The demand for a haircut as the basso continuo of
their negotiations is, either way, insufficient to arouse confidence on
the opposite side that the new government is different – that it will
act more energetically and responsibly than the clientilist governments
that it replaced. Tsipras and Syriza might have drawn up the reform
programme of a left-wing government and thus ‘showcase’ it to their
negotiating partners in Brussels and Berlin. Amartya Sen last month in
Firle, East Sussex, compared the austerity policy pushed through by the
federal German government with a medicine that contains a toxic mixture
of antibiotics and rat poison.
In complete accordance with the Nobel
Prize-winner for economics, the left-wing government might have taken on
a Keynesian segregation of the Merkel medicine and consequentially
thrown out all neoliberal impositions; but, at the same time, they would
have had to give credibility to their intentions of carrying through
the overdue modernisation of state and economy, execute a fairer form of
cross subsidies, combat corruption and tax evasion etc. Instead, it
resorted to moralising – to a blame game that worked to the advantage of
the German government in the given circumstances, enabling it to
dismiss with neo-German robustness the wholly justified complaint of
Greece about the clever way a line was drawn (under debts) in the
two-plus-four negotiations (of 1990 over German unification).
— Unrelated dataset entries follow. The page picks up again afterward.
(* Assume $\bm\lambda\neq0$ and $\bm\mu\neq0$. Then $M_1(\bm\lambda,\bm\mu)$ is a cyclic (generated by $w$) but reducible $\widehat{\mathfrak{gl}}$-module, i.e. there is a nonzero proper subspace of $M_1(\bm\lambda,\bm\mu)$ invariant under all $E_{i,j}$.
   Context: Let $\widehat{\mathcal A}$ be the Weyl algebra: the unital associative complex algebra generated by $a(r),a^*(r)$ ($r\in\mathbb Z$) with relations $[a(r),a(s)]=[a^*(r),a^*(s)]=0$ and $[a(r),a^*(s)]=\delta_{r+s,0}$. Fix integers $n\ge 0$, $m\ge 1$, $\bm\lambda=(\lambda_0,\dots,\lambda_n)\in\mathbb C^{n+1}$, $\bm\mu=(\mu_1,\dots,\mu_m)\in\mathbb C^m$, and set $\lambda_i=0$ for $i>n$, $\mu_j=0$ for $j>m$. The Whittaker module $M_1(\bm\lambda,\bm\mu)=\widehat{\mathcal A}/\mathcal I$, where $\mathcal I$ is the left ideal generated by $a(i)-\lambda_i$ ($i\ge 0$) and $a^*(j)-\mu_j$ ($j\ge 1$); $w=w_{\bm\lambda,\bm\mu}$ denotes the image of $1$. Normal ordering: $:a(i)a^*(j):$ equals $a^*(j)a(i)$ if $i\ge 0$ and $j\le 0$, and equals $a(i)a^*(j)$ otherwise. For $i,j\in\mathbb Z$, $E_{i,j}:=\,:a(-i)a^*(j):$, an operator on $M_1(\bm\lambda,\bm\mu)$; these give $M_1(\bm\lambda,\bm\mu)$ the structure of a $\widehat{\mathfrak{gl}}$-module of central charge $-1$, and submodules/generation refer to invariance under all $E_{i,j}$. *)

theory Defs
  imports Main "HOL.Complex"
begin

text \<open>
  Literal model of the Whittaker module M_1(lambda,mu) = W / I, where W is the Weyl
  algebra = (free algebra on the generators a(r), a*(r)) / (two-sided ideal J of the
  commutation relations).  Pulling back to the free algebra F, we have
  M_1 = F / L where L = J + (left ideal of F generated by a(i) - lambda_i (i >= 0)
  and a*(j) - mu_j (j >= 1)).  Elements of F are finitely supported functions
  from words in the generators to complex coefficients.  A subspace of M_1 is the
  same as a subspace V of F with L \<subseteq> V.
\<close>

datatype gen = A int | As int   \<comment> \<open>A r = a(r), As r = a*(r)\<close>

type_synonym felem = "gen list \<Rightarrow> complex"

definition FA :: "felem set" where
  "FA = {f. finite {v. f v \<noteq> 0}}"

definition mon :: "gen list \<Rightarrow> felem" where
  "mon w = (\<lambda>v. if v = w then 1 else 0)"

definition fadd :: "felem \<Rightarrow> felem \<Rightarrow> felem" where
  "fadd f g = (\<lambda>v. f v + g v)"

definition fscale :: "complex \<Rightarrow> felem \<Rightarrow> felem" where
  "fscale c f = (\<lambda>v. c * f v)"

definition lmul :: "gen \<Rightarrow> felem \<Rightarrow> felem" where
  "lmul g f = (\<lambda>v. case v of [] \<Rightarrow> 0 | h # v' \<Rightarrow> if h = g then f v' else 0)"

definition rmul :: "gen \<Rightarrow> felem \<Rightarrow> felem" where
  "rmul g f = (\<lambda>v. if v \<noteq> [] \<and> last v = g then f (butlast v) else 0)"

inductive_set weylJ :: "felem set" where
  rel_aa: "(\<lambda>v. mon [A r, A s] v - mon [A s, A r] v) \<in> weylJ"
| rel_ss: "(\<lambda>v. mon [As r, As s] v - mon [As s, As r] v) \<in> weylJ"
| rel_as: "(\<lambda>v. mon [A r, As s] v - mon [As s, A r] v
              - (if r + s = 0 then 1 else 0) * mon [] v) \<in> weylJ"
| zero: "(\<lambda>v. 0) \<in> weylJ"
| add: "f \<in> weylJ \<Longrightarrow> g \<in> weylJ \<Longrightarrow> fadd f g \<in> weylJ"
| scale: "f \<in> weylJ \<Longrightarrow> fscale c f \<in> weylJ"
| left: "f \<in> weylJ \<Longrightarrow> lmul x f \<in> weylJ"
| right: "f \<in> weylJ \<Longrightarrow> rmul x f \<in> weylJ"

text \<open>preimage in the free algebra of the left ideal I; lam i = lambda_i (i >= 0),
  mu j = mu_j (j >= 1; mu 0 is unused)\<close>
inductive_set whitL :: "(nat \<Rightarrow> complex) \<Rightarrow> (nat \<Rightarrow> complex) \<Rightarrow> felem set"
  for lam mu where
  weyl: "f \<in> weylJ \<Longrightarrow> f \<in> whitL lam mu"
| gen_a: "(\<lambda>v. mon [A (int i)] v - lam i * mon [] v) \<in> whitL lam mu"
| gen_as: "j \<ge> 1 \<Longrightarrow> (\<lambda>v. mon [As (int j)] v - mu j * mon [] v) \<in> whitL lam mu"
| add: "f \<in> whitL lam mu \<Longrightarrow> g \<in> whitL lam mu \<Longrightarrow> fadd f g \<in> whitL lam mu"
| scale: "f \<in> whitL lam mu \<Longrightarrow> fscale c f \<in> whitL lam mu"
| left: "f \<in> whitL lam mu \<Longrightarrow> lmul x f \<in> whitL lam mu"

text \<open>action of E_{i,j} = :a(-i) a*(j): (left multiplication by the normally ordered product)\<close>
definition Eact :: "int \<Rightarrow> int \<Rightarrow> felem \<Rightarrow> felem" where
  "Eact i j f = (if - i \<ge> 0 \<and> j \<le> 0 then lmul (As j) (lmul (A (- i)) f)
                 else lmul (A (- i)) (lmul (As j) f))"

definition fsubspace :: "felem set \<Rightarrow> bool" where
  "fsubspace V \<longleftrightarrow> (\<lambda>v. 0) \<in> V \<and> (\<forall>f\<in>V. \<forall>g\<in>V. fadd f g \<in> V) \<and> (\<forall>c. \<forall>f\<in>V. fscale c f \<in> V)"

text \<open>preimage of the submodule generated by w = 1 + L\<close>
inductive_set cycsub :: "(nat \<Rightarrow> complex) \<Rightarrow> (nat \<Rightarrow> complex) \<Rightarrow> felem set"
  for lam mu where
  base: "mon [] \<in> cycsub lam mu"
| ideal: "f \<in> whitL lam mu \<Longrightarrow> f \<in> cycsub lam mu"
| add: "f \<in> cycsub lam mu \<Longrightarrow> g \<in> cycsub lam mu \<Longrightarrow> fadd f g \<in> cycsub lam mu"
| scale: "f \<in> cycsub lam mu \<Longrightarrow> fscale c f \<in> cycsub lam mu"
| act: "f \<in> cycsub lam mu \<Longrightarrow> Eact i j f \<in> cycsub lam mu"

end

theory Submission
  imports Defs "HOL-Library.Multiset"
begin

text \<open>
  Cyclicity: every word x u of the free algebra is obtained, modulo the Weyl relations, from the
  word x y u, which is some E_{i,j} applied to the shorter word u (up to a swap), by moving y to
  the end of the word, where it acts on the Whittaker vector by a nonzero scalar; commuting y
  past u only produces shorter words.

  Reducibility: the module maps to a Fock-type representation on polynomials, with the Whittaker
  vector going to 1. The charge operator (a-degree minus a*-degree), twisted by subtracting the
  multiplication by a linear form built from lambda and mu, satisfies Q g = g Q + e g, where
  e = 1 for g = a(r) and e = -1 for g = a*(s); hence Q commutes with every E_{i,j}, and the
  preimage of its range on finitely supported polynomials is a submodule. It contains an element
  mapping to Q 1, a nonzero linear polynomial, so it is nonzero in the module; but it misses the
  Whittaker vector, because Q raises the top power of a variable whose coefficient in the linear
  form is nonzero, so no polynomial is mapped to 1.
\<close>

section \<open>Finitely supported elements and subspaces of the free algebra\<close>

definition supp :: "('a \<Rightarrow> 'b::zero) \<Rightarrow> 'a set" where
  "supp f = {v. f v \<noteq> 0}"

lemma FA_iff_finite_supp: "f \<in> FA \<longleftrightarrow> finite (supp f)"
  by (simp add: FA_def supp_def)

lemma FA_if_supp_subset: "finite S \<Longrightarrow> supp f \<subseteq> S \<Longrightarrow> f \<in> FA"
  by (auto simp: FA_iff_finite_supp intro: finite_subset)

lemma supp_lincomb_subset:
  "supp (\<lambda>x. a * f x + b * g x :: 'b::semiring_0) \<subseteq> supp f \<union> supp g"
  by (auto simp: supp_def)

lemma lmul_mon: "lmul x (mon w) = mon (x # w)"
  by (auto simp: lmul_def mon_def fun_eq_iff split: list.split)

lemma rmul_mon: "rmul x (mon w) = mon (w @ [x])"
proof
  fix v show "rmul x (mon w) v = mon (w @ [x]) v"
    by (cases v rule: rev_cases) (auto simp: rmul_def mon_def)
qed

lemma lmul_diff: "lmul x (\<lambda>v. f v - g v) = (\<lambda>v. lmul x f v - lmul x g v)"
  by (auto simp: lmul_def fun_eq_iff split: list.split)

lemma lmul_cmult: "lmul x (\<lambda>v. c * f v) = (\<lambda>v. c * lmul x f v)"
  by (auto simp: lmul_def fun_eq_iff split: list.split)

lemma rmul_diff: "rmul x (\<lambda>v. f v - g v) = (\<lambda>v. rmul x f v - rmul x g v)"
  by (auto simp: rmul_def fun_eq_iff)

lemma rmul_cmult: "rmul x (\<lambda>v. c * f v) = (\<lambda>v. c * rmul x f v)"
  by (auto simp: rmul_def fun_eq_iff)

lemma supp_lmul: "supp (lmul x f) \<subseteq> Cons x ` supp f"
proof
  fix v assume "v \<in> supp (lmul x f)"
  then show "v \<in> Cons x ` supp f"
    by (cases v) (auto simp: supp_def lmul_def split: if_splits)
qed

lemma supp_rmul: "supp (rmul x f) \<subseteq> (\<lambda>w. w @ [x]) ` supp f"
proof
  fix v assume "v \<in> supp (rmul x f)"
  then have "v = butlast v @ [x]" "butlast v \<in> supp f"
    by (auto simp: supp_def rmul_def split: if_splits)
  then show "v \<in> (\<lambda>w. w @ [x]) ` supp f" by blast
qed

lemma FA_lincomb: "f \<in> FA \<Longrightarrow> g \<in> FA \<Longrightarrow> (\<lambda>v. a * f v + b * g v) \<in> FA"
  by (rule FA_if_supp_subset[OF _ supp_lincomb_subset]) (simp add: FA_iff_finite_supp)

lemma FA_fadd: "f \<in> FA \<Longrightarrow> g \<in> FA \<Longrightarrow> fadd f g \<in> FA"
  using FA_lincomb[of f g 1 1] by (simp add: fadd_def)

lemma FA_fscale: "f \<in> FA \<Longrightarrow> fscale c f \<in> FA"
  using FA_lincomb[of f f c 0] by (simp add: fscale_def)

lemma FA_lmul: "f \<in> FA \<Longrightarrow> lmul x f \<in> FA"
  by (rule FA_if_supp_subset[OF _ supp_lmul]) (simp add: FA_iff_finite_supp)

lemma FA_rmul: "f \<in> FA \<Longrightarrow> rmul x f \<in> FA"
  by (rule FA_if_supp_subset[OF _ supp_rmul]) (simp add: FA_iff_finite_supp)

lemma FA_mon: "mon w \<in> FA"
  by (rule FA_if_supp_subset[of "{w}"]) (auto simp: supp_def mon_def)

lemma FA_zero: "(\<lambda>v. 0) \<in> FA"
  using FA_fscale[OF FA_mon, of 0] by (simp add: fscale_def)

lemma FA_mon_diff: "(\<lambda>v. mon w v - c * mon w' v) \<in> FA"
  using FA_lincomb[OF FA_mon FA_mon, of 1 w "- c" w'] by simp

lemma weylJ_subset_FA: "weylJ \<subseteq> FA"
proof
  fix f assume "f \<in> weylJ"
  then show "f \<in> FA"
  proof (induction rule: weylJ.induct)
    case (rel_aa r s)
    then show ?case using FA_mon_diff[of _ 1] by simp
  next
    case (rel_ss r s)
    then show ?case using FA_mon_diff[of _ 1] by simp
  next
    case (rel_as r s)
    show ?case
      using FA_lincomb[OF FA_mon_diff FA_mon, of 1 _ 1 _ "- (if r + s = 0 then 1 else 0)" "[]"]
      by simp
  qed (auto intro: FA_zero FA_fadd FA_fscale FA_lmul FA_rmul)
qed

lemma whitL_subset_FA: "whitL lam mu \<subseteq> FA"
proof
  fix f assume "f \<in> whitL lam mu"
  then show "f \<in> FA"
  proof (induction rule: whitL.induct)
    case (gen_a i)
    then show ?case using FA_mon_diff by simp
  next
    case (gen_as j)
    then show ?case using FA_mon_diff by simp
  qed (use weylJ_subset_FA in \<open>auto intro: FA_fadd FA_fscale FA_lmul\<close>)
qed

lemma FA_Eact: "f \<in> FA \<Longrightarrow> Eact i j f \<in> FA"
  by (simp add: Eact_def FA_lmul)

lemma cycsub_subset_FA: "cycsub lam mu \<subseteq> FA"
proof
  fix f assume "f \<in> cycsub lam mu"
  then show "f \<in> FA"
    by (induction rule: cycsub.induct)
      (use whitL_subset_FA in \<open>auto intro: FA_mon FA_fadd FA_fscale FA_Eact\<close>)
qed

lemma fsubspace_lincomb:
  "fsubspace V \<Longrightarrow> f \<in> V \<Longrightarrow> g \<in> V \<Longrightarrow> (\<lambda>v. a * f v + b * g v) \<in> V"
proof -
  assume "fsubspace V" "f \<in> V" "g \<in> V"
  then have "fadd (fscale a f) (fscale b g) \<in> V" by (simp add: fsubspace_def)
  then show ?thesis by (simp add: fadd_def fscale_def)
qed

lemma fsubspace_lincomb_eq:
  assumes "fsubspace V" "f \<in> V" "g \<in> V" "\<And>v. h v = a * f v + b * g v"
  shows "h \<in> V"
proof -
  have "h = (\<lambda>v. a * f v + b * g v)" using assms(4) by blast
  then show ?thesis using fsubspace_lincomb[OF assms(1-3)] by simp
qed

lemma fsubspace_diff_iff:
  assumes "fsubspace V" "(\<lambda>v. f v - g v) \<in> V"
  shows "f \<in> V \<longleftrightarrow> g \<in> V"
proof
  assume "f \<in> V"
  then show "g \<in> V"
    by (rule fsubspace_lincomb_eq[OF assms(1) _ assms(2), where a = 1 and b = "-1"]) simp
next
  assume "g \<in> V"
  then show "f \<in> V"
    by (rule fsubspace_lincomb_eq[OF assms(1) assms(2), where a = 1 and b = 1]) simp
qed

lemma fsubspace_cmult_iff:
  assumes "fsubspace V" "c \<noteq> 0"
  shows "(\<lambda>v. c * f v) \<in> V \<longleftrightarrow> f \<in> V"
proof
  assume "(\<lambda>v. c * f v) \<in> V"
  from fsubspace_lincomb_eq[OF assms(1) this this, where a = "1/c" and b = 0 and h = f]
  show "f \<in> V" using assms(2) by simp
next
  assume "f \<in> V"
  from fsubspace_lincomb_eq[OF assms(1) this this, where a = c and b = 0]
  show "(\<lambda>v. c * f v) \<in> V" by simp
qed

lemma fsubspace_sum:
  assumes "fsubspace V" "finite S" "\<And>w. w \<in> S \<Longrightarrow> h w \<in> V"
  shows "(\<lambda>v. \<Sum>w\<in>S. c w * h w v) \<in> V"
  using assms(2,3)
proof (induction S rule: finite_induct)
  case empty
  then show ?case using assms(1) by (simp add: fsubspace_def)
next
  case (insert x S)
  then show ?case
    using fsubspace_lincomb[OF assms(1) insert.IH, of "h x" 1 "c x"] by (simp add: add.commute)
qed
The weak performance of the Greek
government doesn’t alter the fact of a scandal that consists in
politicians in Brussels and Berlin refusing to meet their colleagues
from Athens as politicians. They indeed do look like politicians but
(until last Monday) only spoke in their economic role as creditors. This
transformation into zombies is intended to give the protracted
insolvency of a state the appearance of a non-political, civil court
proceeding.
That makes it all the easier to deny any
political co-responsibility. Our press is making fun about the act of
renaming the Troika; it is indeed like a magic trick. But, with it,
there comes the legitimate wish to see emerge the true face of the
politician behind the mask of the creditor. For only as politicians can
these people be held responsible for a fiasco that has played out in
massively ruined life-chances, in joblessness, sickness, social misery
and hopelessness.
The scandal within the scandal is constipation
Angela Merkel brought in the IMF from
the outset for her dubious rescue moves. This body is responsible for
dysfunctions in the international financial system; as therapist it
takes care of its stability and thus acts in the common interest of
investors, especially of institutional investors. As Troika members,
European institutions also coalesce with this player so that
politicians, in so far as acting in this function, can retreat into the
role of untouchable agents acting strictly according to the rules of the
IMF. This dissipation of politics into market conformity helps to
explain the chutzpah with which representatives of the federal German
government, all of them highly moral people, can deny their political
co-responsibility for the disastrous social consequences that they
nevertheless took on board as opinion leaders of the European Council
through the implementation of the neoliberal austerity programmes.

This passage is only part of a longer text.